→ **Work required**: Copy every line of the records that includes the word "total".

→ **Saved data entries**:
(* For every object $V$ of $\mathcal{E}_q^{deg}$ there is an isomorphism in $\mathcal{F}_{iso}$ $$Q_V\cong\bigoplus_{A\in\mathcal{S}_V}iso_A,$$ where $\mathcal{S}_V$ is the set of subobjects $\alpha:A\hookrightarrow V$ of $V$ in $\mathcal{E}_q^{deg}$ (equivalently, the linear subspaces $A$ of $V$ with the restricted form, $V$ itself included).
   Context: $\mathcal{E}$: all $\mathbb{F}_2$-vector spaces; $(-)^*$ linear duality. $\mathcal{E}_q^{deg}$: objects finite-dimensional quadratic spaces over $\mathbb{F}_2$ (possibly degenerate), morphisms injective linear maps preserving quadratic forms. $\mathrm{Sp}(\mathcal{E}_q^{deg})$: same objects, morphisms spans $[V\leftarrow D\rightarrow W]$ up to iso of $D$, composed by pullback. $\mathcal{F}_{iso}=\mathrm{Func}(\mathrm{Sp}(\mathcal{E}_q^{deg}),\mathcal{E})$. $Q_V=\mathbb{F}_2[\mathrm{Hom}_{\mathrm{Sp}(\mathcal{E}_q^{deg})}(V,-)]$. Duality: $DF=(-)^*\circ F\circ tr^{op}$ with $tr[V\leftarrow X\rightarrow W]=[W\leftarrow X\rightarrow V]$. $a_V:Q_V\to DQ_V$ is the morphism corresponding by Yoneda to the linear form $(\mathrm{Id}_V)^*\in\mathbb{F}_2[\mathrm{End}(V)]^*$ taking value $1$ on $\mathrm{Id}_V$ and $0$ on all other basis elements; the isotropic functor $iso_V$ is the image of $a_V$. *)

theory Defs
  imports Main "HOL-Library.Z2" "HOL-Library.Function_Algebras"
begin

text \<open>Every finite-dimensional F_2-vector space is
  realised as a finite subspace of the ambient F_2-vector space nat => bit
  (pointwise addition); over F_2 a subspace is a subset containing 0 and closed
  under addition, and finite-dimensional means finite.\<close>

type_synonym vec = "nat \<Rightarrow> bit"

text \<open>An object: carrier subspace together with a quadratic form on it
  (extended by 0 outside the carrier, so that objects are determined by their data).\<close>
type_synonym qobj = "vec set \<times> (vec \<Rightarrow> bit)"

definition car :: "qobj \<Rightarrow> vec set" where "car V = fst V"
definition qf :: "qobj \<Rightarrow> vec \<Rightarrow> bit" where "qf V = snd V"

definition subspace2 :: "vec set \<Rightarrow> bool" where
  "subspace2 A \<longleftrightarrow> 0 \<in> A \<and> (\<forall>x\<in>A. \<forall>y\<in>A. x + y \<in> A)"

text \<open>Polar form of q; q is a quadratic form iff q 0 = 0 and its polar form is bilinear
  (over F_2 this is the usual definition q(lambda x) = lambda^2 q(x), polar form bilinear).
  Degenerate forms are allowed.\<close>
definition polar :: "(vec \<Rightarrow> bit) \<Rightarrow> vec \<Rightarrow> vec \<Rightarrow> bit" where
  "polar q x y = q (x + y) + q x + q y"

definition quadratic_form :: "vec set \<Rightarrow> (vec \<Rightarrow> bit) \<Rightarrow> bool" where
  "quadratic_form A q \<longleftrightarrow> q 0 = 0 \<and>
     (\<forall>x\<in>A. \<forall>y\<in>A. \<forall>z\<in>A. polar q (x + y) z = polar q x z + polar q y z
                       \<and> polar q z (x + y) = polar q z x + polar q z y)"

definition is_obj :: "qobj \<Rightarrow> bool" where
  "is_obj V \<longleftrightarrow> finite (car V) \<and> subspace2 (car V) \<and> quadratic_form (car V) (qf V)
     \<and> (\<forall>x. x \<notin> car V \<longrightarrow> qf V x = 0)"

definition is_qmor :: "qobj \<Rightarrow> qobj \<Rightarrow> (vec \<Rightarrow> vec) \<Rightarrow> bool" where
  "is_qmor V W f \<longleftrightarrow> f ` car V \<subseteq> car W \<and> inj_on f (car V)
     \<and> (\<forall>x\<in>car V. \<forall>y\<in>car V. f (x + y) = f x + f y)
     \<and> (\<forall>x\<in>car V. qf W (f x) = qf V x)"

type_synonym span = "qobj \<times> (vec \<Rightarrow> vec) \<times> (vec \<Rightarrow> vec)"

definition is_span :: "qobj \<Rightarrow> qobj \<Rightarrow> span \<Rightarrow> bool" where
  "is_span V W s \<longleftrightarrow> (case s of (D, f, g) \<Rightarrow> is_obj D \<and> is_qmor D V f \<and> is_qmor D W g)"

text \<open>The isomorphism class of a span is represented by its canonical
  representative: the image of D in V x W (the legs are jointly injective, so two
  spans are isomorphic over V and W iff these images coincide).\<close>
type_synonym smor = "(vec \<times> vec) set"

definition span_class :: "span \<Rightarrow> smor" where
  "span_class s = (case s of (D, f, g) \<Rightarrow> (\<lambda>d. (f d, g d)) ` car D)"

definition hom :: "qobj \<Rightarrow> qobj \<Rightarrow> smor set" where
  "hom V W = span_class ` {s. is_span V W s}"

text \<open>Composition by pullback: for S : V -> W and T : W -> U the class of the
  composite T o S is the relational composite S O T (pullback along the
  injective legs into W).  Identity of V is Id_on (car V); the transposition tr
  of a span is converse.\<close>

text \<open>A functor is given by its values on objects (F_2-subspaces of an ambient
  type of characteristic 2; over F_2, linear = additive) and on morphisms
  (F_mor V W S : F(V) -> F(W) for S in hom V W).\<close>
type_synonym 'x functor_data = "(qobj \<Rightarrow> 'x set) \<times> (qobj \<Rightarrow> qobj \<Rightarrow> smor \<Rightarrow> 'x \<Rightarrow> 'x)"

definition Fob :: "'x functor_data \<Rightarrow> qobj \<Rightarrow> 'x set" where "Fob F = fst F"
definition Fmor :: "'x functor_data \<Rightarrow> qobj \<Rightarrow> qobj \<Rightarrow> smor \<Rightarrow> 'x \<Rightarrow> 'x" where "Fmor F = snd F"

text \<open>Q_V = F_2[Hom(V,-)]: finitely supported F_2-valued functions on Hom(V,W)
  (Hom(V,W) is finite); a morphism T acts on basis elements by post-composition.\<close>
definition Qob :: "qobj \<Rightarrow> qobj \<Rightarrow> (smor \<Rightarrow> bit) set" where
  "Qob V W = {x. \<forall>S. S \<notin> hom V W \<longrightarrow> x S = 0}"

definition Qmor :: "qobj \<Rightarrow> qobj \<Rightarrow> qobj \<Rightarrow> smor \<Rightarrow> (smor \<Rightarrow> bit) \<Rightarrow> (smor \<Rightarrow> bit)" where
  "Qmor V W W' T x = (\<lambda>S'. if S' \<in> hom V W' then (\<Sum>S\<in>{S\<in>hom V W. S O T = S'}. x S) else 0)"

definition Qfun :: "qobj \<Rightarrow> (smor \<Rightarrow> bit) functor_data" where
  "Qfun V = (Qob V, Qmor V)"

text \<open>Duality DF = (-)^* o F o tr^op: DF(W) = linear forms on F(W) (extended by 0),
  and DF(S) phi = phi o F(tr S).\<close>
definition dual_fun :: "('x::plus) functor_data \<Rightarrow> ('x \<Rightarrow> bit) functor_data" where
  "dual_fun F =
    ((\<lambda>W. {\<phi>. (\<forall>x\<in>Fob F W. \<forall>y\<in>Fob F W. \<phi> (x + y) = \<phi> x + \<phi> y)
              \<and> (\<forall>x. x \<notin> Fob F W \<longrightarrow> \<phi> x = 0)}),
     (\<lambda>W W' S \<phi>. (\<lambda>y. if y \<in> Fob F W' then \<phi> (Fmor F W' W (converse S) y) else 0)))"

text \<open>Yoneda: the natural map Q_V -> G corresponding to xi in G(V), sending the
  basis element S in Hom(V,W) to G(S)(xi), extended linearly.\<close>
definition yoneda :: "('x::comm_monoid_add) functor_data \<Rightarrow> qobj \<Rightarrow> 'x \<Rightarrow> qobj \<Rightarrow> (smor \<Rightarrow> bit) \<Rightarrow> 'x" where
  "yoneda G V \<xi> W x = (\<Sum>S\<in>hom V W. if x S = 1 then Fmor G V W S \<xi> else 0)"

definition delta_id :: "qobj \<Rightarrow> (smor \<Rightarrow> bit) \<Rightarrow> bit" where
  "delta_id V = (\<lambda>x. if x \<in> Qob V V then x (Id_on (car V)) else 0)"

definition a_map :: "qobj \<Rightarrow> qobj \<Rightarrow> (smor \<Rightarrow> bit) \<Rightarrow> ((smor \<Rightarrow> bit) \<Rightarrow> bit)" where
  "a_map V = yoneda (dual_fun (Qfun V)) V (delta_id V)"

definition iso_fun :: "qobj \<Rightarrow> ((smor \<Rightarrow> bit) \<Rightarrow> bit) functor_data" where
  "iso_fun V = ((\<lambda>W. a_map V W ` Qob V W), Fmor (dual_fun (Qfun V)))"

definition subobjects :: "qobj \<Rightarrow> qobj set" where
  "subobjects V = {(A, \<lambda>x. if x \<in> A then qf V x else 0) | A. A \<subseteq> car V \<and> subspace2 A}"

definition dsum :: "'i set \<Rightarrow> ('i \<Rightarrow> ('x::zero) functor_data) \<Rightarrow> ('i \<Rightarrow> 'x) functor_data" where
  "dsum I F =
    ((\<lambda>W. {y. (\<forall>i\<in>I. y i \<in> Fob (F i) W) \<and> (\<forall>i. i \<notin> I \<longrightarrow> y i = 0)}),
     (\<lambda>W W' S y. (\<lambda>i. if i \<in> I then Fmor (F i) W W' S (y i) else 0)))"

definition nat_iso :: "('x::plus) functor_data \<Rightarrow> ('y::plus) functor_data \<Rightarrow> bool" where
  "nat_iso F G \<longleftrightarrow> (\<exists>\<phi>. \<forall>W. is_obj W \<longrightarrow>
      bij_betw (\<phi> W) (Fob F W) (Fob G W)
    \<and> (\<forall>x\<in>Fob F W. \<forall>y\<in>Fob F W. \<phi> W (x + y) = \<phi> W x + \<phi> W y)
    \<and> (\<forall>W'. is_obj W' \<longrightarrow> (\<forall>S\<in>hom W W'. \<forall>x\<in>Fob F W.
          \<phi> W' (Fmor F W W' S x) = Fmor G W W' S (\<phi> W x))))"

end

theory Submission
  imports Defs
begin

text \<open>A morphism V \<rightarrow> W of Sp(E_q^deg) is the graph S of a linear isometric partial
  injection from V to W whose domain is a subobject of V, composition being relational
  composition. Pairing F_2[Hom(A,W)] with itself by counting common total maps A \<rightarrow> W, the
  functional a_A(x) is y \<mapsto> \<Sum>{x S y S | S total}, so iso_A(W) is spanned by the
  coordinate functionals at the total maps, and post-composition with T is adjoint to
  post-composition with the transpose of T.

  Send x \<in> Q_V(W) to the family of the a_A(x|A), where x|A is x pulled back along the
  inclusion of the subobject A. It is injective by a
  triangularity argument: if S is a maximal graph (for inclusion) in the support of x,
  then in the component A = Domain S the coordinate at S equals x S = 1, because every
  other S' in the support restricting to S on A would strictly contain S. Finally the two
  sides have the same size: an element of the sum is determined by its coordinates at the
  pairs (A, S) with S : A \<rightarrow> W total, and these pairs correspond to the S \<in> Hom(V,W).\<close>

declare add_bit_eq_xor[simp del] mult_bit_eq_and[simp del]

lemma bit_add_self [simp]: "(a::bit) + a = 0"
  by (cases a) auto

lemma bit_fun_add_self [simp]: "(f :: 'a \<Rightarrow> bit) + f = 0"
  by (rule ext) simp

lemma bit_fun2_add_self: "(f :: 'a \<Rightarrow> 'b \<Rightarrow> bit) + f = 0"
  by (rule ext)+ simp

lemma bit_fun_eq_if_add_eq_0:
  assumes "(x :: 'a \<Rightarrow> bit) + y = 0"
  shows "x = y"
proof -
  have "x = x + (y + y)" by simp
  also have "\<dots> = (x + y) + y" by (simp only: add.assoc)
  also have "\<dots> = y" using assms by simp
  finally show ?thesis .
qed

lemma sum_fun_apply: "(\<Sum>i\<in>I. f i) x = (\<Sum>i\<in>I. f i x)"
  by (induction I rule: infinite_finite_induct) auto

lemma sum_filter_sum_filter:
  assumes "finite H" "finite K"
  shows "(\<Sum>R\<in>{R\<in>K. P R}. \<Sum>S\<in>{S\<in>H. Q S R}. f S R)
       = (\<Sum>R\<in>K. \<Sum>S\<in>H. if P R \<and> Q S R then f S R else (0::'a::comm_monoid_add))"
proof -
  have "(\<Sum>R\<in>{R\<in>K. P R}. \<Sum>S\<in>{S\<in>H. Q S R}. f S R)
      = (\<Sum>R\<in>K. if P R then (\<Sum>S\<in>{S\<in>H. Q S R}. f S R) else 0)"
    using assms(2) by (rule sum.inter_filter)
  also have "\<dots> = (\<Sum>R\<in>K. \<Sum>S\<in>H. if P R \<and> Q S R then f S R else 0)"
    using assms(1) by (intro sum.cong) (simp_all add: sum.inter_filter)
  finally show ?thesis .
qed

lemma bij_betw_if_inj_on_back_and_forth:
  assumes "finite A" "inj_on f A" "f ` A \<subseteq> B" "inj_on g B" "g ` B \<subseteq> A"
  shows "bij_betw f A B"
proof -
  have "finite B" using finite_imageD[OF finite_subset[OF assms(5,1)] assms(4)] .
  have "card B \<le> card A" using card_inj_on_le[OF assms(4,5,1)] .
  also have "\<dots> = card (f ` A)" using card_image[OF assms(2)] by simp
  finally have "card (f ` A) = card B" using card_mono[OF \<open>finite B\<close> assms(3)] by linarith
  then have "f ` A = B" by (rule card_subset_eq[OF \<open>finite B\<close> assms(3)])
  then show ?thesis using assms(2) by (simp add: bij_betw_def)
qed

definition restr_obj :: "qobj \<Rightarrow> vec set \<Rightarrow> qobj" where
  "restr_obj V X = (X, \<lambda>x. if x \<in> X then qf V x else 0)"

lemma car_restr_obj [simp]: "car (restr_obj V X) = X"
  by (simp add: restr_obj_def car_def)

lemma qf_restr_obj: "qf (restr_obj V X) x = (if x \<in> X then qf V x else 0)"
  by (simp add: restr_obj_def qf_def)
lemma higher_deriv_fock_integrand_le:
  fixes f :: "complex \<Rightarrow> complex"
  assumes hol: "f holomorphic_on UNIV" and R: "R > 0" and p: "p \<ge> 1" and a: "\<alpha> > 0"
    and m: "0 < m" "m \<le> 1"
  defines "e t \<equiv> of_real R * exp (2 * of_real pi * \<i> * of_real t)"
  shows "ennreal (norm ((deriv ^^ k) f z) powr p * exp (- p * \<alpha> * norm z powr m)) \<le>
    ennreal ((fact k / R^k) powr p * exp (p * \<alpha> * R powr m)) *
    (\<integral>\<^sup>+ t. ennreal (norm (f (z + e t)) powr p * exp (- p * \<alpha> * norm (z + e t) powr m)) *
        indicator {0..1} t \<partial>lborel)"
proof -
  define w where "w z = exp (- p * \<alpha> * norm z powr m)" for z :: complex
  define C where "C = ennreal ((fact k / R^k) powr p)"
  define E where "E = exp (p * \<alpha> * R powr m)"
  have cf: "continuous_on UNIV f" using hol holomorphic_on_imp_continuous_on by blast
  have ce: "continuous_on UNIV e" unfolding e_def by (intro continuous_intros)
  have shift: "w z \<le> E * w (z + e t)" for t
    using exp_neg_norm_powr_shift_le[of "p * \<alpha>" m z "e t"] p a m R
    by (simp add: w_def E_def e_def norm_mult norm_exp)
  have "continuous_on UNIV (\<lambda>t. norm (f (z + e t)) powr p)"
    using p by (intro continuous_on_powr' continuous_intros continuous_on_compose2[OF cf] ce) auto
  from borel_measurable_continuous_onI[OF this]
  have ft: "(\<lambda>t. ennreal (norm (f (z + e t)) powr p) * indicator {0..1} t) \<in> borel_measurable lborel"
    by measurable
  have "continuous_on UNIV (\<lambda>t. norm (f (z + e t)) powr p * w (z + e t))"
    using p m unfolding w_def
    by (intro continuous_on_powr' continuous_intros continuous_on_compose2[OF cf] ce) auto
  from borel_measurable_continuous_onI[OF this]
  have Ht: "(\<lambda>t. ennreal (norm (f (z + e t)) powr p * w (z + e t)) * indicator {0..1} t) \<in> borel_measurable lborel"
    by measurable
  have "ennreal (norm ((deriv ^^ k) f z) powr p * w z) = ennreal (norm ((deriv ^^ k) f z) powr p) * ennreal (w z)"
    by (simp add: w_def ennreal_mult)
  also have "\<dots> \<le> C * (\<integral>\<^sup>+ t. ennreal (norm (f (z + e t)) powr p) * indicator {0..1} t \<partial>lborel) * ennreal (w z)"
    unfolding C_def e_def by (intro mult_right_mono higher_deriv_powr_le_circle_mean[OF hol R p]) auto
  also have "\<dots> = C * (\<integral>\<^sup>+ t. ennreal (norm (f (z + e t)) powr p) * indicator {0..1} t * ennreal (w z) \<partial>lborel)"
    using nn_integral_multc[OF ft, of "ennreal (w z)"] by (simp add: mult.assoc)
  also have "\<dots> \<le> C * (\<integral>\<^sup>+ t. ennreal E * (ennreal (norm (f (z + e t)) powr p * w (z + e t)) * indicator {0..1} t) \<partial>lborel)"
  proof (intro mult_left_mono nn_integral_mono)
    fix t
    have "ennreal (norm (f (z + e t)) powr p) * ennreal (w z) \<le> ennreal (norm (f (z + e t)) powr p) * ennreal (E * w (z + e t))"
      by (intro mult_left_mono ennreal_leI shift) auto
    also have "\<dots> = ennreal E * ennreal (norm (f (z + e t)) powr p * w (z + e t))"
      by (simp add: ennreal_mult[symmetric] E_def w_def mult_ac)
    finally show "ennreal (norm (f (z + e t)) powr p) * indicator {0..1} t * ennreal (w z) \<le>
        ennreal E * (ennreal (norm (f (z + e t)) powr p * w (z + e t)) * indicator {0..1} t)"
      by (simp add: mult_ac split: split_indicator)
  qed auto
  also have "\<dots> = C * ennreal E * (\<integral>\<^sup>+ t. ennreal (norm (f (z + e t)) powr p * w (z + e t)) * indicator {0..1} t \<partial>lborel)"
    using Ht by (simp add: nn_integral_cmult mult.assoc)
  finally show ?thesis
    unfolding C_def E_def w_def by (simp add: ennreal_mult mult_ac)
qed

→ **Your solution**:
  composition. Pairing F_2[Hom(A,W)] with itself by counting common total maps A \<rightarrow> W, the
  functional a_A(x) is y \<mapsto> \<Sum>{x S y S | S total}, so iso_A(W) is spanned by the
  coordinate functionals at the total maps, and post-composition with T is adjoint to
  pairs (A, S) with S : A \<rightarrow> W total, and these pairs correspond to the S \<in> Hom(V,W).\<close>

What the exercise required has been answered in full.